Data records
_ _ _

lemma
  assumes "finite F"
  shows sets_coin_fixed_bits: "{X. \<forall>i\<in>F. X i = v i} \<in> sets coin"
    and measure_coin_fixed_bits: "measure coin {X. \<forall>i\<in>F. X i = v i} = (1/2) ^ card F"
proof -
  let ?B = "\<lambda>_::nat. measure_pmf (bernoulli_pmf (1/2))"
  have eq: "{X. \<forall>i\<in>F. X i = v i} = prod_emb UNIV ?B F (\<Pi>\<^sub>E i\<in>F. {v i})"
    by (auto simp: prod_emb_iff PiE_iff)
  show "{X. \<forall>i\<in>F. X i = v i} \<in> sets coin"
    unfolding coin_def eq using assms by (intro sets_PiM_I) auto
  have "emeasure coin {X. \<forall>i\<in>F. X i = v i} = (\<Prod>i\<in>F. emeasure (?B i) {v i})"
    unfolding coin_def eq
    by (rule emeasure_PiM_emb) (auto simp: measure_pmf.prob_space_axioms assms)
  also have "\<dots> = (\<Prod>i\<in>F. ennreal (1/2))"
    by (intro prod.cong refl) (auto simp: emeasure_pmf_single)
  also have "\<dots> = ennreal (\<Prod>i\<in>F. 1/2)"
    by (rule prod_ennreal) auto
  also have "\<dots> = ennreal ((1/2) ^ card F)"
    by simp
  finally show "measure coin {X. \<forall>i\<in>F. X i = v i} = (1/2) ^ card F"
    by (simp add: measure_def)
qed

lemma prob_space_coin: "prob_space coin"
  unfolding coin_def by (rule prob_space_PiM) (simp add: measure_pmf.prob_space_axioms)

lemma prefix_code_eq_fixed_bits:
  "c < 2 ^ L \<Longrightarrow> {X. prefix_code L X = c} = {X. \<forall>i\<in>{..<L}. X i = bit c i}"
  by (auto simp: prefix_code_eq_iff)

lemma sets_coin_prefix_code_eq: "{X. prefix_code L X = c} \<in> sets coin"
proof (cases "c < 2 ^ L")
  case True then show ?thesis
    by (simp add: prefix_code_eq_fixed_bits sets_coin_fixed_bits)
next
  case False
  then have "{X. prefix_code L X = c} = {}" using prefix_code_less[of L] by (auto simp: not_less) (metis leD)
  then show ?thesis by simp
qed

lemma prefix_code_in_eq_UN: "{X. prefix_code L X \<in> V} = (\<Union>c\<in>V \<inter> {..<2 ^ L}. {X. prefix_code L X = c})"
  using prefix_code_less by auto

lemma sets_coin_prefix_code_in: "{X. prefix_code L X \<in> V} \<in> sets coin"
  unfolding prefix_code_in_eq_UN
  by (intro sets.finite_UN) (auto intro: sets_coin_prefix_code_eq)

lemma measure_coin_prefix_code_in:
  "measure coin {X. prefix_code L X \<in> V} = card (V \<inter> {..<2 ^ L}) / 2 ^ L"
proof -
  interpret prob_space coin by (rule prob_space_coin)
  have "measure coin {X. prefix_code L X \<in> V}
      = (\<Sum>c\<in>V \<inter> {..<2 ^ L}. measure coin {X. prefix_code L X = c})"
    unfolding prefix_code_in_eq_UN
    by (rule measure_finite_Union)
       (auto simp: disjoint_family_on_def intro: sets_coin_prefix_code_eq)
  also have "\<dots> = (\<Sum>c\<in>V \<inter> {..<2 ^ L}. (1/2) ^ L)"
    by (intro sum.cong refl) (auto simp: prefix_code_eq_fixed_bits measure_coin_fixed_bits)
  finally show ?thesis by (simp add: power_divide)
qed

_ _ _

§ Work instruction
Please transcribe the records exactly from their first line through the line holding "unfolding coin_def eq using", and leave out all others.

§ Problem solution
lemma
  assumes "finite F"
  shows sets_coin_fixed_bits: "{X. \<forall>i\<in>F. X i = v i} \<in> sets coin"
    and measure_coin_fixed_bits: "measure coin {X. \<forall>i\<in>F. X i = v i} = (1/2) ^ card F"
proof -
  let ?B = "\<lambda>_::nat. measure_pmf (bernoulli_pmf (1/2))"
  have eq: "{X. \<forall>i\<in>F. X i = v i} = prod_emb UNIV ?B F (\<Pi>\<^sub>E i\<in>F. {v i})"
    by (auto simp: prod_emb_iff PiE_iff)
  show "{X. \<forall>i\<in>F. X i = v i} \<in> sets coin"
    unfolding coin_def eq using assms by (intro sets_PiM_I) auto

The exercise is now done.